Those who are parties to the “deal” are trying to present it as a “done deal”. But the fact is, the bill has not yet been voted upon by anybody. To become law, it must get through the amendment process unscathed and pass the Senate, where there are reports that up to 400 amendments might be offered. Then there will be a need to work out a compromise of differences with an already-passed House bill, have that compromise approved by both the Senate and House, and be signed into law by the President. In other words, the battle has just barely begun it is FAR from over.
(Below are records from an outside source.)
(* Let $(X_1,Y_1),\ldots,(X_m,Y_m)$ be a sequence of independent pairs of Bernoulli random variables (the pairs are mutually independent; $X_i$ and $Y_i$ within a pair may be dependent) such that $\mathbb{E}[X_i]=p_i$, $\mathbb{E}[Y_i]=q_i$ and $\mathbb{E}[X_iY_i]=0$ (i.e., $X_i$ and $Y_i$ are never both $1$). Let $\mu_x=\sum_i p_i$, $\mu_y=\sum_i q_i$, $X=\sum_i X_i$, $Y=\sum_i Y_i$. If $\mu_x+\mu_y>1$, then $$\frac{\mu_x-1}{\mu_x+\mu_y-1}\le\mathbb{E}\Big[\frac{X}{X+Y}\Big]\le\frac{\mu_x}{\mu_x+\mu_y-1}.$$
   Context: Convention: in the expression $\frac{X}{X+Y}$, the value $0/0$ is interpreted as $1$ for the left inequality and as $0$ for the right inequality. *)

theory Defs
  imports "HOL-Probability.Probability"
begin

(* Ratio X/(X+Y) with the convention 0/0 = 1 (used for the lower bound). *)
definition ratio_lo :: "real \<Rightarrow> real \<Rightarrow> real" where
  "ratio_lo x y = (if x + y = 0 then 1 else x / (x + y))"

(* Ratio X/(X+Y) with the convention 0/0 = 0 (used for the upper bound). *)
definition ratio_hi :: "real \<Rightarrow> real \<Rightarrow> real" where
  "ratio_hi x y = (if x + y = 0 then 0 else x / (x + y))"

end

theory Submission
  imports Defs
begin

text \<open>
  Put \<open>Z\<^sub>i = X\<^sub>i + Y\<^sub>i\<close>, again a Bernoulli variable, and \<open>D = \<Sum>\<^sub>i Z\<^sub>i = X + Y\<close>.
  Since \<open>X\<^sub>i = 1\<close> forces \<open>Z\<^sub>i = 1\<close>, we have \<open>X\<^sub>i / D = X\<^sub>i / (1 + D\<^sub>i)\<close> with
  \<open>D\<^sub>i = D - Z\<^sub>i\<close> independent of \<open>X\<^sub>i\<close>, hence \<open>E[X/D] = \<Sum>\<^sub>i p\<^sub>i E[1/(1 + D\<^sub>i)]\<close>, and
  likewise for \<open>Y\<close>. The same identity applied to the \<open>Z\<^sub>j\<close> of any subfamily with sum \<open>S\<close>,
  together with \<open>1/(1 + S) \<le> 1/(1 + S - Z\<^sub>j)\<close>, gives
  \<open>(\<Sum>\<^sub>j E Z\<^sub>j) E[1/(1 + S)] \<le> \<Sum>\<^sub>j E[Z\<^sub>j/S] \<le> 1\<close>. For \<open>S = D\<^sub>i\<close> the expectations sum
  to at least \<open>\<mu>\<^sub>x + \<mu>\<^sub>y - 1\<close>, which yields the upper bound; the lower bound is
  \<open>1 - E[Y/D]\<close> under the convention \<open>0/0 = 1\<close>.
\<close>

lemma (in prob_space) integrable_bernoulli:
  fixes X :: "'a \<Rightarrow> real"
  assumes "X \<in> borel_measurable M" and "AE \<omega> in M. X \<omega> \<in> {0, 1}"
  shows "integrable M X"
  using assms by (intro integrable_const_bound[where B=1]) (auto elim!: eventually_mono)

lemma (in prob_space) integral_indep_component_mult_sum:
  fixes g s :: "'b \<Rightarrow> real" and h :: "real \<Rightarrow> real"
  assumes V: "indep_vars (\<lambda>_. N) V I" and j: "j \<in> I" and K: "K \<subseteq> I" "j \<notin> K"
    and [measurable]: "g \<in> borel_measurable N" "s \<in> borel_measurable N" "h \<in> borel_measurable borel"
    and "integrable M (\<lambda>\<omega>. g (V j \<omega>))" "integrable M (\<lambda>\<omega>. h (\<Sum>k\<in>K. s (V k \<omega>)))"
  shows "expectation (\<lambda>\<omega>. g (V j \<omega>) * h (\<Sum>k\<in>K. s (V k \<omega>)))
       = expectation (\<lambda>\<omega>. g (V j \<omega>)) * expectation (\<lambda>\<omega>. h (\<Sum>k\<in>K. s (V k \<omega>)))"
proof -
  have "indep_var (Pi\<^sub>M {j} (\<lambda>_. N)) (\<lambda>\<omega>. restrict (\<lambda>i. V i \<omega>) {j})
                  (Pi\<^sub>M K (\<lambda>_. N)) (\<lambda>\<omega>. restrict (\<lambda>i. V i \<omega>) K)"
    using K j by (intro indep_var_restrict[OF V]) auto
  then have "indep_var borel ((\<lambda>v. g (v j)) \<circ> (\<lambda>\<omega>. restrict (\<lambda>i. V i \<omega>) {j}))
                       borel ((\<lambda>v. h (\<Sum>k\<in>K. s (v k))) \<circ> (\<lambda>\<omega>. restrict (\<lambda>i. V i \<omega>) K))"
    by (rule indep_var_compose) measurable
  moreover have "((\<lambda>v. h (\<Sum>k\<in>K. s (v k))) \<circ> (\<lambda>\<omega>. restrict (\<lambda>i. V i \<omega>) K))
      = (\<lambda>\<omega>. h (\<Sum>k\<in>K. s (V k \<omega>)))"
    by (auto intro!: sum.cong arg_cong[where f=h])
  ultimately show ?thesis
    using assms(8,9) by (auto simp: comp_def intro: indep_var_lebesgue_integral)
qed

locale indep_bernoulli = prob_space +
  fixes N :: "'b measure" and V :: "'i \<Rightarrow> 'a \<Rightarrow> 'b" and I :: "'i set" and s :: "'b \<Rightarrow> real"
  assumes indep: "indep_vars (\<lambda>_. N) V I" and finite_I: "finite I"
    and s_measurable [measurable]: "s \<in> borel_measurable N"
    and bernoulli: "AE \<omega> in M. \<forall>i\<in>I. s (V i \<omega>) \<in> {0, 1}"
begin

definition S :: "'i set \<Rightarrow> 'a \<Rightarrow> real" where
  "S K \<omega> = (\<Sum>k\<in>K. s (V k \<omega>))"

lemma V_measurable [measurable]: "i \<in> I \<Longrightarrow> V i \<in> M \<rightarrow>\<^sub>M N"
  using indep by (auto simp: indep_vars_def)

lemma S_measurable [measurable]: "K \<subseteq> I \<Longrightarrow> S K \<in> borel_measurable M"
  unfolding S_def by (intro borel_measurable_sum) auto

lemma S_remove: "j \<in> K \<Longrightarrow> K \<subseteq> I \<Longrightarrow> S K \<omega> = s (V j \<omega>) + S (K - {j}) \<omega>"
  unfolding S_def using finite_I by (intro sum.remove) (auto intro: finite_subset)

lemma AE_S_nonneg: "AE \<omega> in M. \<forall>K\<subseteq>I. 0 \<le> S K \<omega>"
  using bernoulli by eventually_elim (force simp: S_def intro!: sum_nonneg)

lemma integrable_s: "i \<in> I \<Longrightarrow> integrable M (\<lambda>\<omega>. s (V i \<omega>))"
  using bernoulli by (intro integrable_bernoulli) (auto elim!: eventually_mono)

lemma integrable_inverse_one_plus_S: "K \<subseteq> I \<Longrightarrow> integrable M (\<lambda>\<omega>. 1 / (1 + S K \<omega>))"
  by (rule integrable_const_bound[where B=1], rule eventually_mono[OF AE_S_nonneg]) auto

lemma expectation_weight_div_S:
  fixes g :: "'b \<Rightarrow> real"
  assumes [measurable]: "g \<in> borel_measurable N"
    and weight: "AE \<omega> in M. \<forall>i\<in>I. 0 \<le> g (V i \<omega>) \<and> g (V i \<omega>) \<le> s (V i \<omega>)"
    and K: "K \<subseteq> I" and j: "j \<in> K"
  shows "integrable M (\<lambda>\<omega>. g (V j \<omega>) / S K \<omega>)"
    and "expectation (\<lambda>\<omega>. g (V j \<omega>) / S K \<omega>)
       = expectation (\<lambda>\<omega>. g (V j \<omega>)) * expectation (\<lambda>\<omega>. 1 / (1 + S (K - {j}) \<omega>))"
proof -
  have jI: "j \<in> I" and Kj: "K - {j} \<subseteq> I" using K j by auto
  have bounds: "AE \<omega> in M. s (V j \<omega>) \<in> {0, 1} \<and> 0 \<le> g (V j \<omega>) \<and> g (V j \<omega>) \<le> s (V j \<omega>)
      \<and> 0 \<le> S (K - {j}) \<omega>"
    using bernoulli weight AE_S_nonneg by eventually_elim (use K jI in blast)
  \<comment> \<open>either the weight vanishes or the \<open>j\<close>-th indicator is \<open>1\<close>\<close>
  have ae: "AE \<omega> in M. g (V j \<omega>) / S K \<omega> = g (V j \<omega>) * (1 / (1 + S (K - {j}) \<omega>))"
    using bounds by eventually_elim (auto simp: S_remove[OF j K])
  have g_int: "integrable M (\<lambda>\<omega>. g (V j \<omega>))"
    by (rule integrable_const_bound[where B=1], rule eventually_mono[OF bounds])
      (use jI in \<open>auto, measurable\<close>)
  have prod_int: "integrable M (\<lambda>\<omega>. g (V j \<omega>) * (1 / (1 + S (K - {j}) \<omega>)))"
    by (rule integrable_const_bound[where B=1], rule eventually_mono[OF bounds])
      (use jI Kj in \<open>auto simp: abs_mult mult_le_one, measurable\<close>)
  show "integrable M (\<lambda>\<omega>. g (V j \<omega>) / S K \<omega>)"
    using prod_int by (subst integrable_cong_AE[OF _ _ ae]) (use jI K Kj in measurable)
  have "expectation (\<lambda>\<omega>. g (V j \<omega>) / S K \<omega>)
      = expectation (\<lambda>\<omega>. g (V j \<omega>) * (1 / (1 + S (K - {j}) \<omega>)))"
    by (rule integral_cong_AE[OF _ _ ae]) (use jI K Kj in measurable)
  also have "\<dots> = expectation (\<lambda>\<omega>. g (V j \<omega>)) * expectation (\<lambda>\<omega>. 1 / (1 + S (K - {j}) \<omega>))"
    using integral_indep_component_mult_sum[OF indep jI, of "K - {j}" g s "\<lambda>x. 1 / (1 + x)"]
      g_int integrable_inverse_one_plus_S[OF Kj] Kj by (simp add: S_def)
  finally show "expectation (\<lambda>\<omega>. g (V j \<omega>) / S K \<omega>)
       = expectation (\<lambda>\<omega>. g (V j \<omega>)) * expectation (\<lambda>\<omega>. 1 / (1 + S (K - {j}) \<omega>))" .
qed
We emphasize that point because SIGMA is strongly opposed to at least one provision of the bill. Buried in “Section 819" of the proposal is a mandate for the use of 5 billion gallons per year of ethanol and/or biodiesel. SIGMA and our members are calling on all Senators to oppose this provision. If it remains in the bill following Senate debate, we are urging Senators to vote against the entire energy package. (A “call to action” was issued last Thursday to members who get this newsletter by e-mail; if you get it by fax, the call to action is attached today. The request for action is still valid but please act quickly!)
“RENEWABLE FUEL PROGRAM”
The Senate energy proposal would establish a “Renewable Fuels Program” (RFP), beginning in 2004 with a mandate for 2.3 billion gallons and going to 5 billion gallons by 2012. (Actual ethanol consumption in 2001 was only 1.77 billion gallons.) Responsibility for meeting this mandate would be assigned to motor fuel suppliers on a “percentage of fuel” sold basis, with the Dept. of Energy each fall projecting total motor fuel consumption for the following year, and EPA then calculating the percentage that would have to be ethanol or biodiesel.
There would be a credits and trading program, meaning companies that blended a higher percentage of ethanol than required could sell those “rights” to companies that blended less. This practical effect of this provision, and apparently its intent, will be to allow most ethanol to be consumed in the Midwest, near where it is produced, with the high cost of ethanol subsidized by suppliers (ultimately by consumers) in other parts of the country, where little ethanol will be used.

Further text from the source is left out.